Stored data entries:
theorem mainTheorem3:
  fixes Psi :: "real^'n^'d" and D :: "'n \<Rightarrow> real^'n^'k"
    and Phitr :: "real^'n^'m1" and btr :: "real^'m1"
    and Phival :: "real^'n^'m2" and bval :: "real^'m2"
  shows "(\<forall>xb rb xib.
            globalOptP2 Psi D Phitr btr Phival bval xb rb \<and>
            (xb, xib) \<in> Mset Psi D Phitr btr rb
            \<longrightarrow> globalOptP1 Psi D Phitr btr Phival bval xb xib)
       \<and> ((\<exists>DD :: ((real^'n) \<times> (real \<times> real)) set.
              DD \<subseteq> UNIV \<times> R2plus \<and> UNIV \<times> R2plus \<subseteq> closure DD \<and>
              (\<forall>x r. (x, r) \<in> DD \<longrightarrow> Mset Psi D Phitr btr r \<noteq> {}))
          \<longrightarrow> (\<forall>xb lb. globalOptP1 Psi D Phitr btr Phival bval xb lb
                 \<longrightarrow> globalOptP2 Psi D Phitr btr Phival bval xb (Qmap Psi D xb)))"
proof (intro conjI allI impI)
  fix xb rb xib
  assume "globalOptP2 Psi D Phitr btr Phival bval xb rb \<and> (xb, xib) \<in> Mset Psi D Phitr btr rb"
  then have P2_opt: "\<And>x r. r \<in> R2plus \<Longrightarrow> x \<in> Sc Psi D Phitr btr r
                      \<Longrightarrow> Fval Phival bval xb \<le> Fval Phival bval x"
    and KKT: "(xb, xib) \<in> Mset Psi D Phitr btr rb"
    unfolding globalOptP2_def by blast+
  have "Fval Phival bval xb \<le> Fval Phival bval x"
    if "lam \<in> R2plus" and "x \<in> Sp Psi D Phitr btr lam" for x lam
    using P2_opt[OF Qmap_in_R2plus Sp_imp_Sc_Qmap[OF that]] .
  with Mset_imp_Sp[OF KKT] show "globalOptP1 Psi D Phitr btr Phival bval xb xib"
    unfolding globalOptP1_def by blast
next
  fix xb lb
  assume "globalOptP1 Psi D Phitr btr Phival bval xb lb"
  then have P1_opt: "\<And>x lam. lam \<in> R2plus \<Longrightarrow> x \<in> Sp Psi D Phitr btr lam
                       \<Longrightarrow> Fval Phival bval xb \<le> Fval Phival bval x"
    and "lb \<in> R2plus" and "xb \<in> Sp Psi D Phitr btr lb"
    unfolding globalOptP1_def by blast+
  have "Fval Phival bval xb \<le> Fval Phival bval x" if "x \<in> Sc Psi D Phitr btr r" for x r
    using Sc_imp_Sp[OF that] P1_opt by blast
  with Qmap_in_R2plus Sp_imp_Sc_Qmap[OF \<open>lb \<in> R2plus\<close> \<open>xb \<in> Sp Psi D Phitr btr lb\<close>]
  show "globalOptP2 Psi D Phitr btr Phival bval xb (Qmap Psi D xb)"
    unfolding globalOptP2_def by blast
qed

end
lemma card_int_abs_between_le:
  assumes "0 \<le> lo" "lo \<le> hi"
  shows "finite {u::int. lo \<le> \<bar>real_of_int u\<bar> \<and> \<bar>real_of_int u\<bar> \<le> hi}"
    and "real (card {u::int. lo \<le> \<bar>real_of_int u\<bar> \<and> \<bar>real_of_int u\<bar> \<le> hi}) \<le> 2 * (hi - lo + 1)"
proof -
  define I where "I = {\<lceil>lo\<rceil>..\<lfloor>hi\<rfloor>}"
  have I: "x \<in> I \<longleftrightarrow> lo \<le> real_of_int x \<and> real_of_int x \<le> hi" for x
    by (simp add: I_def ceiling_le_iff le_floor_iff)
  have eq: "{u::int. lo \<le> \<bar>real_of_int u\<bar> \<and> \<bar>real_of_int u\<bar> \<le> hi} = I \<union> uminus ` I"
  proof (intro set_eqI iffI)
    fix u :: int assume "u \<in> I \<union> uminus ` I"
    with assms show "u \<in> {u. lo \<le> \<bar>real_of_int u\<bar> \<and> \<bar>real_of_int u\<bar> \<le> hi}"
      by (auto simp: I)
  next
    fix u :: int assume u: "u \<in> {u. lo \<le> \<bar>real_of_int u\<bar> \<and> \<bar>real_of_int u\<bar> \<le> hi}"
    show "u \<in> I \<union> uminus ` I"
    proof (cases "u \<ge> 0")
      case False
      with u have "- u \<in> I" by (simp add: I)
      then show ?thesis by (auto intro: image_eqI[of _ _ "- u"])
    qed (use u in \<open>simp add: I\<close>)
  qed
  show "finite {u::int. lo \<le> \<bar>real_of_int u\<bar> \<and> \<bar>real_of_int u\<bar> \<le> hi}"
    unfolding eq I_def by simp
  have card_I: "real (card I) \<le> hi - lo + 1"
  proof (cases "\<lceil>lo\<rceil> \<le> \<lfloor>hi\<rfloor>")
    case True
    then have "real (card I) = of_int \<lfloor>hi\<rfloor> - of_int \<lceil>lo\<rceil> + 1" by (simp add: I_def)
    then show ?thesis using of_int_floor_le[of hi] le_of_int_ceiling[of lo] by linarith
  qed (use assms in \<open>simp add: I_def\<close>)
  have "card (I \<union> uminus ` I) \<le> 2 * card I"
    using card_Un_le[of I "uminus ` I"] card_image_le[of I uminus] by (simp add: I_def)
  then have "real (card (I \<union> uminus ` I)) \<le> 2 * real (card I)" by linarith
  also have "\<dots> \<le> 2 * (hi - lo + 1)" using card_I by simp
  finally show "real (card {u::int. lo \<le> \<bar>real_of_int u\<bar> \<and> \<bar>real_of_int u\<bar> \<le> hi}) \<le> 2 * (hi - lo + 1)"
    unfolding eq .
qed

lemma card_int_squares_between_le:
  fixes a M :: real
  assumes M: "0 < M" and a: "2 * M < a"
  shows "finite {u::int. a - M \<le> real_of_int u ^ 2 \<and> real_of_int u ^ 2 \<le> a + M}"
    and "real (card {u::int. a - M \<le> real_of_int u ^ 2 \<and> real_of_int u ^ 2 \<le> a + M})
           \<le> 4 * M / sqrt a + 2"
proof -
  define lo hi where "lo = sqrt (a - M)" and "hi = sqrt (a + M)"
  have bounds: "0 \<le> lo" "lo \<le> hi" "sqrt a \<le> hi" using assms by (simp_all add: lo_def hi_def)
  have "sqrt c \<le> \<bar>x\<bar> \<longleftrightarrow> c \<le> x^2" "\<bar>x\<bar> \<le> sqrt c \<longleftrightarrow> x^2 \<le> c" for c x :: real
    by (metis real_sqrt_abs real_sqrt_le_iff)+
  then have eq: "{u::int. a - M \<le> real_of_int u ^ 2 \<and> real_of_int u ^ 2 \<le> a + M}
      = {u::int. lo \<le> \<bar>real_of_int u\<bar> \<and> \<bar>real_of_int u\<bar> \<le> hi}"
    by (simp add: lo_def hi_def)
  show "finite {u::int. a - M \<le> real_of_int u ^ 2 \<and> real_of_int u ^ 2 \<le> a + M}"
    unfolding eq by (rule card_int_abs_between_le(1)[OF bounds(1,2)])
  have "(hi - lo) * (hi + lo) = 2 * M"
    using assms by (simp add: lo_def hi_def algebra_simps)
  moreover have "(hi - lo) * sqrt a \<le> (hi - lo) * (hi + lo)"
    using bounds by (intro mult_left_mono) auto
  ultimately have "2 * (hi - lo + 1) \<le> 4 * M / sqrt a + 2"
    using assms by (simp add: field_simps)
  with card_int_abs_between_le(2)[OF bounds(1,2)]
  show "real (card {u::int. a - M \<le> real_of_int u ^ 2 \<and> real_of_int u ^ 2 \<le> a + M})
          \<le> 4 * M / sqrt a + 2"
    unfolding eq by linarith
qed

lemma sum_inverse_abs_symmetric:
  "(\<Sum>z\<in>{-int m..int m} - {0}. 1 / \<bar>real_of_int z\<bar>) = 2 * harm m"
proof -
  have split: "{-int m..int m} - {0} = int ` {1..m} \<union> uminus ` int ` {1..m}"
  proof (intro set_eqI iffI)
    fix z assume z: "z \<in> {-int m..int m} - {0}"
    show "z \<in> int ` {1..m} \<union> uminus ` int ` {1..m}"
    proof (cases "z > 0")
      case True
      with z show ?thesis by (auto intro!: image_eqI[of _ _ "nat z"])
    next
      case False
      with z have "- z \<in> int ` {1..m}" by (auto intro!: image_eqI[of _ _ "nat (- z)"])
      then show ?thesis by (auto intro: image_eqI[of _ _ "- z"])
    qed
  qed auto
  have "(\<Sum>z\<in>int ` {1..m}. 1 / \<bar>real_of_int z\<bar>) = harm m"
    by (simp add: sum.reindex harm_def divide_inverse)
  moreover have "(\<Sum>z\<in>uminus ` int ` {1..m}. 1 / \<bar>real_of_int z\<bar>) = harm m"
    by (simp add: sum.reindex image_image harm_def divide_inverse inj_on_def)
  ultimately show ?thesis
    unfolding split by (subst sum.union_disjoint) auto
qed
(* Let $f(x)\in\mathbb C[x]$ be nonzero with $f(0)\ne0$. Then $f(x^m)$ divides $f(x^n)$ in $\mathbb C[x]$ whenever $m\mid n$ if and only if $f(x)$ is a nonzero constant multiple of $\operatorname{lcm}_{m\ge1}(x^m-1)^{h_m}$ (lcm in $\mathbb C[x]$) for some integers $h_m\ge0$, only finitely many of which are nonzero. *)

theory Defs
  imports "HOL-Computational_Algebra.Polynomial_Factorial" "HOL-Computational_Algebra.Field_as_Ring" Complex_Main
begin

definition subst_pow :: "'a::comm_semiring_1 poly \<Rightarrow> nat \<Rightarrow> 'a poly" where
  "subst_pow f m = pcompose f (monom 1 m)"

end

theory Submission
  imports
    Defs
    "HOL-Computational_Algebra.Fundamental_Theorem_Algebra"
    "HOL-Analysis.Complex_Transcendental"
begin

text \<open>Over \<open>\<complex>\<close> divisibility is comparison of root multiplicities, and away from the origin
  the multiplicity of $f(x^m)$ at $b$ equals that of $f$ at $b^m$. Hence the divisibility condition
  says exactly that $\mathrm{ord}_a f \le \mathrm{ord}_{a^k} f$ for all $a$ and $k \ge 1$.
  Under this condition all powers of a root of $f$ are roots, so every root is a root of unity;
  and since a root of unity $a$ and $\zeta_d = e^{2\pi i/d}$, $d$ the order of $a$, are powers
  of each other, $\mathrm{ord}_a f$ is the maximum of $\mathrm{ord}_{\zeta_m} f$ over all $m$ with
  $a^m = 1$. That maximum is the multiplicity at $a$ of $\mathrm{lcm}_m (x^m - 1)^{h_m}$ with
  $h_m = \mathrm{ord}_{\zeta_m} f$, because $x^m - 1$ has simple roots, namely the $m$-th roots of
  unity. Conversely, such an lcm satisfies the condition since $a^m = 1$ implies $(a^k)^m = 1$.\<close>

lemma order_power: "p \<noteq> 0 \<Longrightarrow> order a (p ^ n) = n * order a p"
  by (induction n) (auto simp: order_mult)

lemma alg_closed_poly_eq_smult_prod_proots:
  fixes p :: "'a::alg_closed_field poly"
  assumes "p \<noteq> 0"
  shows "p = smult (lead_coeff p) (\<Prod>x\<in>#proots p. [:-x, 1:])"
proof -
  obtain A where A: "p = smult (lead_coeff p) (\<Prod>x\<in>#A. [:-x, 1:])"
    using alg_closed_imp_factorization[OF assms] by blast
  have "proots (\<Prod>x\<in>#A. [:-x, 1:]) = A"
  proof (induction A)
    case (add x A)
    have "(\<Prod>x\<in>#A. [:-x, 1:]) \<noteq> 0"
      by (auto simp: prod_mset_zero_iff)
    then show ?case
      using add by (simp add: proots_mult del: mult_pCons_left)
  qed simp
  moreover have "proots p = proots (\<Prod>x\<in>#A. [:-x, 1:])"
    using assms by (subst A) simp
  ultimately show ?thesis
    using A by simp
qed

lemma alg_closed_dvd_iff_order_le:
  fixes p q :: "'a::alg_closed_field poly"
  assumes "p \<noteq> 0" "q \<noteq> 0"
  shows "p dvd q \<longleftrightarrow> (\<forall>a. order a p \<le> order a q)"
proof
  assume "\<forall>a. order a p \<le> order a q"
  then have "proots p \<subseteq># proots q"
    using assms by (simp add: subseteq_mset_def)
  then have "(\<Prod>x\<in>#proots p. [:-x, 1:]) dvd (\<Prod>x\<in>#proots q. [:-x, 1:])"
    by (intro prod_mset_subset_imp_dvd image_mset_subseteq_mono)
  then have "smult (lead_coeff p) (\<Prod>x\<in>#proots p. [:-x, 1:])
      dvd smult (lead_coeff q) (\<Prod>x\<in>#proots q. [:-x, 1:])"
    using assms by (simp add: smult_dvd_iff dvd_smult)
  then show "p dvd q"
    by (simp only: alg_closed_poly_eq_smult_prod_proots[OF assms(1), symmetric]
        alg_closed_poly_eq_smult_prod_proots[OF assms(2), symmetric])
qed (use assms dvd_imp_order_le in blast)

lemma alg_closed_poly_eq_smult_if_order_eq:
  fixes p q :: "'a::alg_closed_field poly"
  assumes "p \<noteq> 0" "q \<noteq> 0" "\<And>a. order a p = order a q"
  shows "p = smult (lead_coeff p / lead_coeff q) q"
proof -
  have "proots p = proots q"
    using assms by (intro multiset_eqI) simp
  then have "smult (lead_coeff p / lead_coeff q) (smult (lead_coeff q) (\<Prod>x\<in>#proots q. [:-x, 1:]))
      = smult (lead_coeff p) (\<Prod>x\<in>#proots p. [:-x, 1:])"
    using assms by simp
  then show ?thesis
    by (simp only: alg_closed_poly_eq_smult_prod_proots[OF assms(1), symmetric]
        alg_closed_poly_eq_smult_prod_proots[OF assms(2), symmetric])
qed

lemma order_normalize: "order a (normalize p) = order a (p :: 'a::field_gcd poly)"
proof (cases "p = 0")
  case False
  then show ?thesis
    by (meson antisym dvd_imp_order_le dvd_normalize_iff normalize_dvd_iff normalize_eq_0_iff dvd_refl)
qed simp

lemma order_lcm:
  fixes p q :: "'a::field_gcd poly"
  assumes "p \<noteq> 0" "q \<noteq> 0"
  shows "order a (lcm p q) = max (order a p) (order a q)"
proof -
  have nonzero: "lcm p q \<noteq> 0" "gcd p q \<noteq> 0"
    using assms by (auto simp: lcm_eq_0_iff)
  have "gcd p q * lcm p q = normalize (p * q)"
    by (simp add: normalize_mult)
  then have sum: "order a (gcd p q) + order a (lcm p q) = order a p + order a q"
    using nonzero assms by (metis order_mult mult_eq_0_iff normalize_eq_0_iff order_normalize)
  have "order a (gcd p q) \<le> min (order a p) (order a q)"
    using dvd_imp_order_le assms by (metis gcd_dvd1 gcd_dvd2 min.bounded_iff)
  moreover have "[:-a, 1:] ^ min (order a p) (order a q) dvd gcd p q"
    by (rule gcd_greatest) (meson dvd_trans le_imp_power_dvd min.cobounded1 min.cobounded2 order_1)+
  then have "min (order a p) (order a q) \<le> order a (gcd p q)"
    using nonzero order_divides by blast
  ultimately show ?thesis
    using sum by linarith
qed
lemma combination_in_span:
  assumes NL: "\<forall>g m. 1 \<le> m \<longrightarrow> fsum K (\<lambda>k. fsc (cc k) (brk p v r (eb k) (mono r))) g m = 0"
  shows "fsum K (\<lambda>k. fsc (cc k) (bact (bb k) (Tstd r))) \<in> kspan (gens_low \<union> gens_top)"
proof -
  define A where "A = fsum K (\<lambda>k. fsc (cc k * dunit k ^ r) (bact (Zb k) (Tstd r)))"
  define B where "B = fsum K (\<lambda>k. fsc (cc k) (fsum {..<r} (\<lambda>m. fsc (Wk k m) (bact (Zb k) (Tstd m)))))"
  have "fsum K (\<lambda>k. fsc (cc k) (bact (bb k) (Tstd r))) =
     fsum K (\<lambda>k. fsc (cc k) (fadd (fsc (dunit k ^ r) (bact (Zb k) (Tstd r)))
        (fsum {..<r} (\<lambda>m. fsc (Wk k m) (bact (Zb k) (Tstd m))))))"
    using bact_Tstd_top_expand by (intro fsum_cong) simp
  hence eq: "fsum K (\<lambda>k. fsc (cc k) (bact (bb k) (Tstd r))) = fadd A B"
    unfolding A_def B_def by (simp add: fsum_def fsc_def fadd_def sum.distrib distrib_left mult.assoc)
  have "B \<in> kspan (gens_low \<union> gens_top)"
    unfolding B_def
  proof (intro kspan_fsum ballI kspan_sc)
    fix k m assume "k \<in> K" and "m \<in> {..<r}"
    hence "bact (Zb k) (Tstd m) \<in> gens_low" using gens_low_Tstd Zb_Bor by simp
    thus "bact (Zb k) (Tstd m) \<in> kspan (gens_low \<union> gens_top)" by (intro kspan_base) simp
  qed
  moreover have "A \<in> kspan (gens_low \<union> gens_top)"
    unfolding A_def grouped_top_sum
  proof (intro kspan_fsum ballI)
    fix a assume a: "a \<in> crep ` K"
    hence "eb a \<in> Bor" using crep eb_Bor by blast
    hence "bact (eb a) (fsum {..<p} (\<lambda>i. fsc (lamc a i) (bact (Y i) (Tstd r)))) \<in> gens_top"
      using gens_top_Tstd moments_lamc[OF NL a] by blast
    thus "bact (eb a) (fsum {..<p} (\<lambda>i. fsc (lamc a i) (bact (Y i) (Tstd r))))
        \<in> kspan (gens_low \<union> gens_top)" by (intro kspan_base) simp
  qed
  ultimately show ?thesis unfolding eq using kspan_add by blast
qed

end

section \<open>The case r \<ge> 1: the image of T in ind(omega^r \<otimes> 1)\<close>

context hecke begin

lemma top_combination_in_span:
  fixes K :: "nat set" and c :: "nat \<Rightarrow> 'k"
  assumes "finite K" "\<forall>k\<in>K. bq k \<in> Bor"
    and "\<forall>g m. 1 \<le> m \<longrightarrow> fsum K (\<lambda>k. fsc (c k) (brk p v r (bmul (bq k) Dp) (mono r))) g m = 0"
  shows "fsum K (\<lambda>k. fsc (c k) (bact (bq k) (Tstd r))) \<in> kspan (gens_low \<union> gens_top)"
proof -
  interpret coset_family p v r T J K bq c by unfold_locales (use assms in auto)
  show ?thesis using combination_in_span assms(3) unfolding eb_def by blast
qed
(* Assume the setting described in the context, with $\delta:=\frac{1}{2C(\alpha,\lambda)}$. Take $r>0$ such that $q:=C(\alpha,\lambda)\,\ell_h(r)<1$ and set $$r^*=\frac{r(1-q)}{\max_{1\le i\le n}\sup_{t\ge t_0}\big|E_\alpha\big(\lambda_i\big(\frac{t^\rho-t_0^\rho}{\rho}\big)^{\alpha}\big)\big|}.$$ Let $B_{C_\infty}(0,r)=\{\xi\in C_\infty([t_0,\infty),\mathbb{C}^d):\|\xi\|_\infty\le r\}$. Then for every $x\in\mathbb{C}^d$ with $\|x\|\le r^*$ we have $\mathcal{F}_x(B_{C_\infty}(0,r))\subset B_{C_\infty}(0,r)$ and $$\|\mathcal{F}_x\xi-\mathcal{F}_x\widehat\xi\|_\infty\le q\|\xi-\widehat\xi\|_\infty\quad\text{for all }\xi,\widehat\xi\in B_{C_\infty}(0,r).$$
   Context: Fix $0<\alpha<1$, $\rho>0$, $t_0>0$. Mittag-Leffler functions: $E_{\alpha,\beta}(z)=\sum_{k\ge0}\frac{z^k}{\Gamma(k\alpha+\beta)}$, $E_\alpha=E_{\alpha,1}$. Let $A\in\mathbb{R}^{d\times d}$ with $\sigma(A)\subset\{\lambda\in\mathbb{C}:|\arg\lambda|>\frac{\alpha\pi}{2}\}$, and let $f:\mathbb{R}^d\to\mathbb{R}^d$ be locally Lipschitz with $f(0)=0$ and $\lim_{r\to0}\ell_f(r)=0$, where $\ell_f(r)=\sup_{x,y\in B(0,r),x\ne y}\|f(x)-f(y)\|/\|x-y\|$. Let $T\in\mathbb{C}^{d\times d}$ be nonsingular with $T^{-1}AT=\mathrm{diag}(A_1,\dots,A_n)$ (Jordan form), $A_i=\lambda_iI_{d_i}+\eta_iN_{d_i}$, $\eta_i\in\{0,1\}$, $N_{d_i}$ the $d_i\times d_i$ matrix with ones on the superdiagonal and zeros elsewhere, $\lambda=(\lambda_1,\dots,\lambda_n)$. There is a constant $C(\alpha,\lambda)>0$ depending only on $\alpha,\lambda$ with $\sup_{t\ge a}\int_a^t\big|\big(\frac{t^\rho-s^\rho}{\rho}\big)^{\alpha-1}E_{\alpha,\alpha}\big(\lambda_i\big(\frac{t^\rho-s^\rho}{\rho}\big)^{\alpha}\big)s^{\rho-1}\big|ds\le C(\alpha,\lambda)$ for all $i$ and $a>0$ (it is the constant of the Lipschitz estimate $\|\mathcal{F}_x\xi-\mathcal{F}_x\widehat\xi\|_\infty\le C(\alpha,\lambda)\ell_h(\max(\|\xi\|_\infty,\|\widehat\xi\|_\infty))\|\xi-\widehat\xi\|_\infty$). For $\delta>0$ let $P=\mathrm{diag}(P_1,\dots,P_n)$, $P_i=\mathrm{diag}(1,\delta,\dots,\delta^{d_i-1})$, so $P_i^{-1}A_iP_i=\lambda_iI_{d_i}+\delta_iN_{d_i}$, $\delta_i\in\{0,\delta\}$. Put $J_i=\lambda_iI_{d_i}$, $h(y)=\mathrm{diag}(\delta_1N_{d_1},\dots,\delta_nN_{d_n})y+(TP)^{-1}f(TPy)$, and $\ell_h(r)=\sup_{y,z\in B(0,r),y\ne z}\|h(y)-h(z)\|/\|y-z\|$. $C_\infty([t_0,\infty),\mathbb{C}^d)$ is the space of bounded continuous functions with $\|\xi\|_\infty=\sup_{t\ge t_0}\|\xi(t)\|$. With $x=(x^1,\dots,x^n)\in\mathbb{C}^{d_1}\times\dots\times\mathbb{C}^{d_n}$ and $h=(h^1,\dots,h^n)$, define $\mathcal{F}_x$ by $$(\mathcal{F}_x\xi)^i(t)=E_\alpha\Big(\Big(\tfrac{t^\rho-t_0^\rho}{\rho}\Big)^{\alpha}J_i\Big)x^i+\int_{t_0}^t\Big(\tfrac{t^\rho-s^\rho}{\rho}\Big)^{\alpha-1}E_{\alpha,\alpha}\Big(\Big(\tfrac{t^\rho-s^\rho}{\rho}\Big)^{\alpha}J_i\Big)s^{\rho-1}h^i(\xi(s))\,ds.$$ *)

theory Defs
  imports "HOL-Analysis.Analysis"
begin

» **Task item**:
Using the records above, say how many lines include the string "noteq". Only the number is wanted.

» **Written solution**:
8